A couple of days ago, I began to notice an ache in my legs; particularly my right leg. That is the one sent through a medical meat grinder so that the doctor could implant a replacement hip. His assistant told me what a chore it is to saw everything up and put in replacement pieces from Ace Hardware. I have come to believe her: ever since I have had the sense that small pieces of what I used to call muscle have been trying to find each other and glue themselves together somehow, in a kind of trial and error process.
It had come to this: everywhere I touched my leg, in front, it hurt. Lying in bed was not a comfort. Wriggling my toes induced a process something like Northern Lights on my legs, without the light. Just for fun, I would poke myself tentatively, just to ascertain that the end was near. I finally settled on bone cancer, rationally aware that it would be the first case of titanium and polypropylene cancer.

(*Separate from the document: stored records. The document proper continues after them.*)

(* Let $j>0$ and $R\in(0,1)$. For every $\delta>0$ small enough there is a unique function $\rho:[0,1]\to[0,\infty)$, continuous on $[0,R]$ and vanishing on $(R,1]$, such that $u:=j\delta D_0+\rho$ satisfies $$S^{(\delta,-)}_\delta(u)=u,$$ with cut point $R^{(\delta)}_{G^{\rm neum}_\delta*u}=R$. Moreover, for fixed $\delta$, $\rho$ is (pointwise) an increasing function of $R$.
   Context: $D_0$ is the Dirac delta at $0$. $G^{\rm neum}_t(r,r')$, $r,r'\in[0,1]$, is the Green function of $\partial_t\rho=\frac12\partial_r^2\rho$ on $[0,1]$ with Neumann boundary conditions: $G^{\rm neum}_t(r,r')=\sum_kG_t(r,r'_k)$, $G_t(r,r')=e^{-(r-r')^2/2t}/\sqrt{2\pi t}$, where $r'_k$ ranges over the images of $r'$ under repeated reflections of $[0,1]$ about its endpoints. For $u=cD_0+\rho$ ($c\ge0$, $\rho\in L^\infty([0,1],\mathbb R_+)$), $(G^{\rm neum}_\delta*u)(r)=cG^{\rm neum}_\delta(r,0)+\int_0^1G^{\rm neum}_\delta(r,r')\rho(r')dr'$. For a nonnegative $u$ with total mass $>j\delta$, the cut-and-paste map is $K^{(\delta)}u=j\delta D_0+\mathbf 1_{r\in[0,R^{(\delta)}_u]}u$, where $R^{(\delta)}_u$ is defined by $\int_{R^{(\delta)}_u}^1u(r)dr=j\delta$. Finally $S^{(\delta,-)}_\delta(u)=K^{(\delta)}(G^{\rm neum}_\delta*u)$. *)

theory Defs
  imports "HOL-Analysis.Analysis"
begin

definition heat_kernel :: "real \<Rightarrow> real \<Rightarrow> real \<Rightarrow> real" where
  "heat_kernel t r r' = exp (- ((r - r')\<^sup>2) / (2 * t)) / sqrt (2 * pi * t)"

text \<open>Neumann Green function on [0,1]: sum over the images of r' under repeated
  reflections about 0 and 1, i.e. the points 2k + r' and 2k - r', k in Z.\<close>
definition green_neum :: "real \<Rightarrow> real \<Rightarrow> real \<Rightarrow> real" where
  "green_neum t r r' =
     (\<Sum>\<^sub>\<infinity> k::int. heat_kernel t r (2 * of_int k + r') + heat_kernel t r (2 * of_int k - r'))"

text \<open>A measure u = c D_0 + rho on [0,1] is represented by the pair (c, rho).
  Convolution with the Neumann Green function.\<close>
definition conv_neum :: "real \<Rightarrow> real \<times> (real \<Rightarrow> real) \<Rightarrow> real \<Rightarrow> real" where
  "conv_neum t u r = fst u * green_neum t r 0
      + integral {0..1} (\<lambda>r'. green_neum t r r' * snd u r')"

definition cut_point :: "real \<Rightarrow> (real \<Rightarrow> real) \<Rightarrow> real" where
  "cut_point a f = (THE R. R \<in> {0..1} \<and> integral {R..1} f = a)"

definition cut_paste :: "real \<Rightarrow> (real \<Rightarrow> real) \<Rightarrow> real \<times> (real \<Rightarrow> real)" where
  "cut_paste a f = (a, (\<lambda>r. if r \<in> {0..cut_point a f} then f r else 0))"

definition S_minus :: "real \<Rightarrow> real \<Rightarrow> real \<times> (real \<Rightarrow> real) \<Rightarrow> real \<times> (real \<Rightarrow> real)" where
  "S_minus j \<delta> u = cut_paste (j * \<delta>) (conv_neum \<delta> u)"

How would I tell Mari? I knew it would be difficult because I had stayed up late watching an episode of Henning Mankel's "Kurt Wallander" series. Wallander had come to have to admit that he had Alzheimer's Disease, and was afraid to tell his daughter because he feared she would abandon him to solitary madness. So I knew it would be difficult to tell Mari that I had bone cancer, and that I might have to move to Sweden where people understood gray weather and depression.
The people who know me best--the people I try to avoid--know that I am easily the unlikeliest candidate to happen upon a cure for cancer of the artificial hip, but it came to me in the night: cowboy boots! A few days ago I had worn cowboy boots all day! I like cowboy boots. I especially like a pair I bought in Wichita, Kansas at Shepler's. I do not wear them often; only when I recognize that Alzheimer's is causing me to forget that I live in Tucson. Then I put on my Luccheses, and I know that life is Let's Pretend, anyway, and it all comes back to me: born of Scandinavian stock expelled from Norway, once a parish priest, then a heretic, a personality like a wire brush, and now suffering from terminal bone cancer of the titanium hip!
And that cured my bone cancer! Just pure, rational thought and a pair of cowboy boots! Every muscle in my lower body was howling in complaint at having had to wear high heeled shoes all day, several days ago. A million small muscle tears caused by standing tall when the time came, when I had almost completely forgotten that I lived in Tucson, and what had happened every time I wore cowboy boots, and I no longer had bone cancer!
You can laugh, and I hope that you do, so that you can get it out of your system, but those of us who trace our lineage back to Kurt Wallander and Kristin Lavransdatter and Harald Bluetooth know something about living in fog. We know that the sun does not rise every day: sometimes it has to decide whether it will come back, so when it does, we do not laugh at it. Sometimes we cannot remember what it is, but we do not laugh.